Enterprises are losing their grip on cloud and mobile data, according to a new study published today by Vanson Bourne and EMC.

The most staggering statistic to come from the survey of 3,300 IT professionals across 24 countries is the monetary amount attributed to failed or non-existent data protection schemes. The estimated annual cost to enterprises is $1.7 trillion, which compares to nearly half of Germany’s gross domestic product (GDP), split between data loss ($754 billion) and downtime ($954 billion).

“Clearly, data loss and down time is materially having an impact on organizations,” said Peter Smails, senior director of Product Marketing at EMC Core Technologies, told InfoStor.

The EMC Global Data Protection Index (PDF) also revealed that on average, companies lost 400 percent more data over the past two years. That amounts to 2.33 TB of data, the equivalent of 24 million emails at a cost of $1.02 million per organization. A patchy disaster recovery landscape isn’t helping matters either.

Fifty-one percent of the organizations polled by Vanson Bourne said that when it comes to “emerging workloads” — hybrid cloud, big data and mobile, essentially — they don’t have a disaster recovery plan in place. Should trouble befall their storage environments, 71 percent said that they aren’t fully confident in their ability to recover lost data.

Hardware failure (53 percent) was the primary cause of data loss and systems downtime, followed by a power loss (39 percent) and software failure (38 percent). Data corruption (29 percent) and accidental user error (26 percent) rounded out the top five reasons.

The days of simple, scheduled backups are over, suggested Guy Churchward, president of EMC Core Technologies, in a statement. “With 62 percent of IT decision-makers interviewed feeling challenged to protect hybrid cloud, big data and mobile, it’s understandable that almost all of them lack the confidence that data protection will be able to meet future business challenges.”

The study, EMC hopes, “will prompt IT leaders to pause and reevaluate whether their current data protection solutions are in alignment with today’s business requirements as well as their long term goals.”

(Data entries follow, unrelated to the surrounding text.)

(* Let $n\ge 2$, $m\ge 1$, and let $\underline{q}_k<\overline{q}_k$ be real numbers, $k=1,\dots,m$; put $\mathbf{Q}=\prod_{k=1}^m[\underline{q}_k,\overline{q}_k]$. Let $A(\mathbf{q})=(a_{ij}(\mathbf{q}))_{n\times n}$, $\mathbf{q}=(q_1,\dots,q_m)^T$, where each $a_{ij}$ is a real rational function whose denominator does not vanish on $\mathbf{Q}$, and let $\mathbf{A}=\{A(\mathbf{q}):\mathbf{q}\in\mathbf{Q}\}$. Assume that $A(\mathbf{q}^* )$ is Hurwitz stable for at least one $\mathbf{q}^*\in\mathbf{Q}$. Let $a_0(\mathbf{q})$ be the constant coefficient of $\det(sI_n-A(\mathbf{q}))$ and $\Delta_{n-1}(\mathbf{q})$ the $(n-1)$-th leading principal minor of its Hurwitz matrix; both are rational functions of $\mathbf{q}$. Write $a_0=N_1/D_1$ and $\Delta_{n-1}=N_2/D_2$ with polynomials $N_i,D_i$ such that $D_i$ does not vanish on $\mathbf{Q}$, and set $f_i=N_iD_i$ ($i=1,2$). Let $g_i(x_1,\dots,x_m)=f_i(\underline{q}_1+(\overline{q}_1-\underline{q}_1)x_1,\dots,\underline{q}_m+(\overline{q}_m-\underline{q}_m)x_m)$, and let $h_i(q_0,x_1,\dots,x_m)=q_0^{\deg g_i}\,g_i(x_1/q_0,\dots,x_m/q_0)$ be its homogenization. Enumerate the $m!$ permutations of $\{1,\dots,m\}$ as $\theta_j=(j_1j_2\dots j_m)$, $j=1,\dots,m!$. Working in $\mathbb{R}^{m+1}$ with coordinates indexed $0,1,\dots,m$ and unit vectors $\mathbf{e}_0,\dots,\mathbf{e}_m$, let $V_j$ be the $(m+1)\times(m+1)$ matrix with columns $\mathbf{v}_{j0}=\mathbf{e}_0$ and $\mathbf{v}_{jk}=\mathbf{e}_0+\mathbf{e}_{j_1}+\cdots+\mathbf{e}_{j_k}$ for $k=1,\dots,m$ (these are the nonzero vertices of $\{1\ge q_0\ge x_{j_1}\ge\cdots\ge x_{j_m}\ge 0\}$), and define the forms $\hat h_{ij}(\hat{\mathbf{q}})=h_i(V_j\hat{\mathbf{q}})$, $\hat{\mathbf{q}}\in\mathbb{R}^{m+1}$. Then $\mathbf{A}$ is robustly Hurwitz stable if and only if the following $2\,m!$ conditions hold: $\hat h_{ij}(\hat{\mathbf{q}})>0$ for all $\hat{\mathbf{q}}\in\tilde S_{m+1}$, for $i=1,2$ and $j=1,\dots,m!$.
   Context: A real square matrix is Hurwitz stable if all its eigenvalues lie in the open left half of the complex plane; a set of matrices is robustly Hurwitz stable if each of its members is Hurwitz stable. The Hurwitz matrix of $s^n+a_{n-1}s^{n-1}+\cdots+a_0$ is the $n\times n$ matrix $(h_{ij})$ with $h_{ij}=a_{n-2j+i}$, where $a_n=1$ and $a_k=0$ for $k<0$ or $k>n$. $\tilde S_{m+1}=\{(t_0,\dots,t_m)\in\mathbb{R}^{m+1}:\sum_i t_i=1,\ t_i\ge 0\}$ is the standard simplex. *)

theory Defs
  imports "HOL-Library.Poly_Mapping" "HOL-Combinatorics.Permutations"
    "Jordan_Normal_Form.Determinant" "Jordan_Normal_Form.Char_Poly"
begin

There is a “silver lining” nestled within the survey’s findings, said Smails. “The number of incidents for data loss are going down,” he said. But the volume of data at risk and the costs to bounce back from an incident are rising.

In the past 12 months, 64 percent of the enterprises surveyed for the report experienced data loss or downtime, the latter of which affected the average business for 25 hours, or more than three working days, costing roughly $870,000 per incident. Thirty-six percent reported that they lost revenue while 34 percent said their product development operations were delayed as a result of such mishaps.